Issue880

Title CEGAR: remove transitions in batches
Priority wish Status resolved
Superseder Nosy List jendrik, malte
Assigned To jendrik Keywords
Optional summary

Created on 2018-12-15.17:06:47 by jendrik, last changed by malte.

Messages
msg8399 (view) Author: malte Date: 2018-12-19.22:56:23
I'm not sure it's that much of a bottleneck (in the experimental results finding
the traces looks much more expensive), but if it is, you can probably do better
than replacing one O(n) algorithm by something better with appropriate data
structures. For example, you could probably do it in O(1) time with a lazy
approach that only replaces outdated transitions once they are encountered. With
a more holistic look at the operations required in the CEGAR loop, perhaps it
would also not be necessary to store the transitions in both directions.
msg8395 (view) Author: jendrik Date: 2018-12-19.10:47:54
Thanks for reviewing the code and the experimental results! I agree that I
should have pointed out the negative trends in more detail. The diff greatly
speeds up the rewiring process, which was (and still is for many tasks) the main
bottleneck of the CEGAR loop. From my point of view, this is very nice to have,
even if one of the landmarks+goals configurations solves 5 fewer tasks. Now that
the rewiring takes less time, I think it allows us to look into speeding up the
computation of traces in a separate issue. 

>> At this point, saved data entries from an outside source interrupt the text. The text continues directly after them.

(* Let $c>0$, let $d\ge 1$, and let $\eta=\mathrm{diag}(-1,+1,\dots,+1)$ be the Minkowski metric on $\mathbb{R}^{d+1}$ (indices lowered with $\eta$). Let $t\mapsto \vec{x}(t)\in\mathbb{R}^d$ be a smooth trajectory with $|\vec v|<c$, where $\vec v=\mathrm{d}\vec x/\mathrm{d}t$, $\vec a=\mathrm{d}\vec v/\mathrm{d}t$, and $\gamma=(1-\vec v^{\,2}/c^2)^{-1/2}$. Let $\tau$ be proper time, $\mathrm{d}t/\mathrm{d}\tau=\gamma$, let $x^\mu(\tau)=(ct,\vec x)$ be the worldline, $v^\mu=\mathrm{d}x^\mu/\mathrm{d}\tau=(\gamma c,\gamma\vec v)$ and $a^\mu=\mathrm{d}v^\mu/\mathrm{d}\tau$. Define $(d+1)$-vectors recursively by $P_{(1)}^\mu=a^\mu$ and $$P_{(n)}^\mu=\Big(\delta^\mu_{\ \nu}+\frac{v^\mu v_\nu}{c^2}\Big)\frac{\mathrm{d}}{\mathrm{d}\tau}P_{(n-1)}^\nu,\qquad n\ge 2.$$ Let $\hat M$ be the $d\times d$ matrix $\hat M_{ij}=\delta_{ij}+\frac{\gamma^2}{c^2}v_iv_j$. Define $d$-vectors $\vec Q_{(n)}$ by $\vec Q_{(1)}=\vec a$ and $$\vec Q_{(n)}=\frac{1}{\gamma^n}\frac{\mathrm{d}}{\mathrm{d}t}\big(\gamma^n\vec Q_{(n-1)}\big)+\frac{\gamma^2}{c^2}\big(\vec v\cdot\vec Q_{(n-1)}\big)\vec a,\qquad n\ge 2.$$ Then for every $n\ge 1$, $$P_{(n)}^\mu=\Big(\frac{\gamma^{n+3}}{c}\,\vec v\cdot\vec Q_{(n)},\ \gamma^{n+1}\hat M\vec Q_{(n)}\Big),$$ where the first entry is the time component and the second the spatial components.
   Context: Dots denote Euclidean inner products in $\mathbb{R}^d$. $\hat M$ is invertible with inverse $\hat M^{-1}_{ij}=\delta_{ij}-v_iv_j/c^2$. *)

theory Defs
  imports "HOL-Analysis.Analysis"
begin

text \<open>Spatial vectors live in real^'d (d = CARD('d) \<ge> 1); spacetime (d+1)-vectors are
pairs (time component, spatial components) :: (real \<times> (real^'d)).\<close>

definition smooth_traj :: "(real \<Rightarrow> 'a::real_normed_vector) \<Rightarrow> bool" where
  "smooth_traj f \<longleftrightarrow> (\<exists>D. D 0 = f \<and> (\<forall>k t. (D k has_vector_derivative D (Suc k) t) (at t)))"

definition gam :: "real \<Rightarrow> real^'d \<Rightarrow> real" where
  "gam c v = 1 / sqrt (1 - (v \<bullet> v) / c\<^sup>2)"

definition vel :: "(real \<Rightarrow> real^'d) \<Rightarrow> real \<Rightarrow> real^'d" where
  "vel x t = vector_derivative x (at t)"

definition acc :: "(real \<Rightarrow> real^'d) \<Rightarrow> real \<Rightarrow> real^'d" where
  "acc x t = vector_derivative (vel x) (at t)"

For completeness, using a single call to unordered_set::insert() instead of
count()+insert() speeds up rewiring a little bit:
https://ai.dmi.unibas.ch/_tmp_files/seipp/issue880-v2-issue880-v1-issue880-v2-compare.html

I merged the issue branch.
msg8384 (view) Author: malte Date: 2018-12-18.15:07:11
I left some comments on bitbucket.

Regarding the experimental results, the analysis comes across as a bit biased.
It only gives the good news and doesn't mention that there is also bad news. In
general, it would be great if a basic assessment of an issue could be done based
on what is mentioned in the issue tracker, without having to dig into the
detailed results. This could make many reviewing tasks much faster. But for this
the description would have to be fair, and it looks a bit cherry-picky to me.
(That can very easily happen accidentally; no complaints!)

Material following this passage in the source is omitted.